The Princeton GEO Paper in Plain English: 5 Tactics That Boost AI Citation by 40%
TL;DR
- The Princeton GEO paper, published at KDD 2024 by Aggarwal et al., is the first large-scale academic study of how to optimize content for AI citation. It tested 9 different tactics across 10,000 queries on a system designed to mimic Bing Chat, then validated the findings on Perplexity.
- 5 of the 9 tactics boosted AI citation rates by 30 to 41 percent. The winners were Cite Sources, Quotation Addition, Statistics Addition, Fluency Optimization, and Authoritative Voice. Each one works for a different reason, and we break down all 5 below.
- 4 of the 9 tactics either did nothing or made things worse. The failures included Keyword Stuffing, Easy-to-Understand simplification, Content Padding, and Pure Persuasive Language. Knowing what does not work matters as much as knowing what does.
- The paper’s most overlooked finding is that lower-ranked websites benefit far more from GEO than top-ranked sites. The Cite Sources method produced a 115 percent visibility increase for sites ranked fifth in Google search results, versus a slight decrease for top-ranked sites.
- This piece extends the Bland Tax thesis from Found on AI #18 by translating the original research into specific moves a B2B SaaS team can make on their own homepage and content this week.

The Princeton GEO paper is the most cited piece of academic research in the generative engine optimization industry, and almost nobody has actually read it. Most GEO articles cite a four-line summary of its abstract and call themselves research-backed.
The actual paper is 17 pages, tested 9 different tactics across 10,000 queries, and produced findings that contradict the working assumptions of most agencies selling AI visibility today. We read all 17 pages, broke down every tactic the team tested, and translated the findings into specific moves a B2B SaaS team can make this week.
This article covers what the paper actually tested, the 5 tactics that worked and why, the 4 tactics that failed, the buried finding most summaries miss, and how to apply each one without the academic translation tax.
What the Princeton GEO paper actually is
The Princeton GEO paper, formally titled “GEO: Generative Engine Optimization,” was published at KDD 2024 by Pranjal Aggarwal, Vishvak Murahari, Tanmay Rajpurohit, Ashwin Kalyan, Karthik Narasimhan, and Ameet Deshpande.
The authors are affiliated with Princeton University, IIT Delhi, Georgia Tech, and the Allen Institute for AI. It is the first large-scale academic study to test what content modifications improve AI citation rates inside generative engines.
The paper’s core contribution is GEO-bench, a benchmark of 10,000 queries across 8 domains, each paired with the web sources a generative engine would draw from when answering. The team tested 9 content modification strategies on these queries using a generative engine designed to closely mimic Bing Chat, then validated the strongest tactics on Perplexity as a real-world deployment check.
The paper introduced 2 metrics that have since become the standard for measuring AI citations: Position Adjusted Word Count, which weights the number of words from a source that appear in the AI response, and Subjective Impression, which scores the overall visibility of a source within the response.

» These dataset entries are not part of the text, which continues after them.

(* Every precompact subset $A$ of the Banach space $c_0$ has finite entropy; moreover $\mathbf E(A)=\mathbf E_0(A)=\sup_{x\in A}\|x\|$.
   Context: $c_0$ is the real Banach space of null sequences with the supremum norm. A brick in a Banach space $X$ is a set $K_{\mathcal B,\mathcal E}=\{x\in X:\ |e_n^*(x)|\le\varepsilon_n\ \forall n\}$, where $\mathcal B=(e_n)$ is a normalized Schauder basis with biorthogonal functionals $(e_n^* )$ and $\varepsilon_n\ge0$; its unconditional radius is $r^{\rm unc}(K_{\mathcal B,\mathcal E})=\sup_{\theta_n=\pm1}\|\sum_n\theta_n\varepsilon_ne_n\|$ (norm of a divergent series $=\infty$). The entropy $\mathbf E(A)$ is the infimum of $r^{\rm unc}$ over all bricks containing $A$; the unconditional entropy $\mathbf E_0(A)$ is the same infimum over bricks built on $1$-unconditional bases (i.e. $\|\sum_n\theta_ne_n^*(x)e_n\|\le\|x\|$ for all $x$ and all signs $\theta_n=\pm1$); an empty infimum is $\infty$. A set is precompact if for every $\varepsilon>0$ it contains a finite $\varepsilon$-net. *)

theory Defs
  imports "HOL-Analysis.Analysis"
begin

definition c0 :: "(nat \<Rightarrow> real) set" where
  "c0 = {x. x \<longlonglongrightarrow> 0}"

definition c0norm :: "(nat \<Rightarrow> real) \<Rightarrow> real" where
  "c0norm x = (SUP k. \<bar>x k\<bar>)"

definition series_conv :: "(nat \<Rightarrow> real) \<Rightarrow> (nat \<Rightarrow> nat \<Rightarrow> real) \<Rightarrow> (nat \<Rightarrow> real) \<Rightarrow> bool" where
  "series_conv a e x \<longleftrightarrow>
     (\<lambda>N. c0norm (\<lambda>k. (\<Sum>n<N. a n * e n k) - x k)) \<longlonglongrightarrow> 0"

definition schauder_basis :: "(nat \<Rightarrow> nat \<Rightarrow> real) \<Rightarrow> bool" where
  "schauder_basis e \<longleftrightarrow>
     (\<forall>n. e n \<in> c0) \<and> (\<forall>n. c0norm (e n) = 1) \<and>
     (\<forall>x\<in>c0. \<exists>!a. series_conv a e x)"

definition coef :: "(nat \<Rightarrow> nat \<Rightarrow> real) \<Rightarrow> nat \<Rightarrow> (nat \<Rightarrow> real) \<Rightarrow> real" where
  "coef e n x = (THE a. series_conv a e x) n"

definition signs :: "(nat \<Rightarrow> real) set" where
  "signs = {\<theta>. \<forall>n. \<theta> n = 1 \<or> \<theta> n = -1}"

definition unconditional_basis :: "(nat \<Rightarrow> nat \<Rightarrow> real) \<Rightarrow> bool" where
  "unconditional_basis e \<longleftrightarrow> schauder_basis e \<and>
     (\<forall>x\<in>c0. \<forall>\<theta>\<in>signs. \<exists>y\<in>c0.
        series_conv (\<lambda>n. \<theta> n * coef e n x) e y \<and> c0norm y \<le> c0norm x)"

definition brick :: "(nat \<Rightarrow> nat \<Rightarrow> real) \<Rightarrow> (nat \<Rightarrow> real) \<Rightarrow> (nat \<Rightarrow> real) set" where
  "brick e \<epsilon> = {x \<in> c0. \<forall>n. \<bar>coef e n x\<bar> \<le> \<epsilon> n}"

definition series_norm :: "(nat \<Rightarrow> real) \<Rightarrow> (nat \<Rightarrow> nat \<Rightarrow> real) \<Rightarrow> ereal" where
  "series_norm a e =
     (if \<exists>y\<in>c0. series_conv a e y
      then ereal (c0norm (THE y. y \<in> c0 \<and> series_conv a e y))
      else \<infinity>)"

definition r_unc :: "(nat \<Rightarrow> nat \<Rightarrow> real) \<Rightarrow> (nat \<Rightarrow> real) \<Rightarrow> ereal" where
  "r_unc e \<epsilon> = (SUP \<theta>\<in>signs. series_norm (\<lambda>n. \<theta> n * \<epsilon> n) e)"

definition entropy :: "(nat \<Rightarrow> real) set \<Rightarrow> ereal" where
  "entropy A = (INF p \<in> {(e, \<epsilon>). schauder_basis e \<and> (\<forall>n. \<epsilon> n \<ge> 0) \<and> A \<subseteq> brick e \<epsilon>}.
                  r_unc (fst p) (snd p))"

Together, these metrics formalize what visibility means in a world where generative engines synthesize answers from multiple sources rather than ranking them.
The paper matters because it created the academic foundation for an industry that did not exist 18 months ago. Every GEO agency, every AI visibility tool, and every content team optimizing for ChatGPT is either consciously or unconsciously building on findings from this single piece of research.
Why this paper still matters in 2026
Multiple competing studies have come out since the Princeton paper landed: AirOps and Kevin Indig’s State of AI Search Report, and SOCi’s Local Visibility Index, among others. Each has useful data, but the Princeton paper remains the only one with rigorous academic methodology, large sample size, peer review at one of the most prestigious machine learning venues, and reproducible results.
Three things make it durable.
- The KDD conference is a top-tier venue in machine learning research.
- The 10,000-query benchmark remains the largest of its kind in the published GEO literature.
- Subsequent academic work, including the SAGEO follow-up paper from Princeton in 2025, builds on this foundation rather than replacing it.

For anyone trying to separate signal from noise in the GEO industry, the Princeton GEO paper is the canonical reference. Most other “research” you will encounter is a summary of this paper or a commercial study designed to drive clicks to a specific platform.
The 5 tactics that boost AI citation rates by up to 40 percent
The Princeton GEO paper found that 5 specific content modifications boost AI citation rates by 30-41 percent: Cite Sources, Quotation Addition, Statistics Addition, Fluency Optimization, and Authoritative Voice.
Each tactic works for a different reason, and combining them produces stronger results than applying any single one in isolation. Statistics Addition paired with Fluency Optimization produced the largest combined effect in the paper’s tests.
1. Cite Sources (+30 to +40 percent)
What it means in plain English: When you make a factual claim in your content, link to or attribute the original source. The Princeton GEO paper found that adding inline citations to authoritative external sources is one of the highest-impact GEO tactics. The citations must be to credible third parties, not to your own product pages or marketing assets.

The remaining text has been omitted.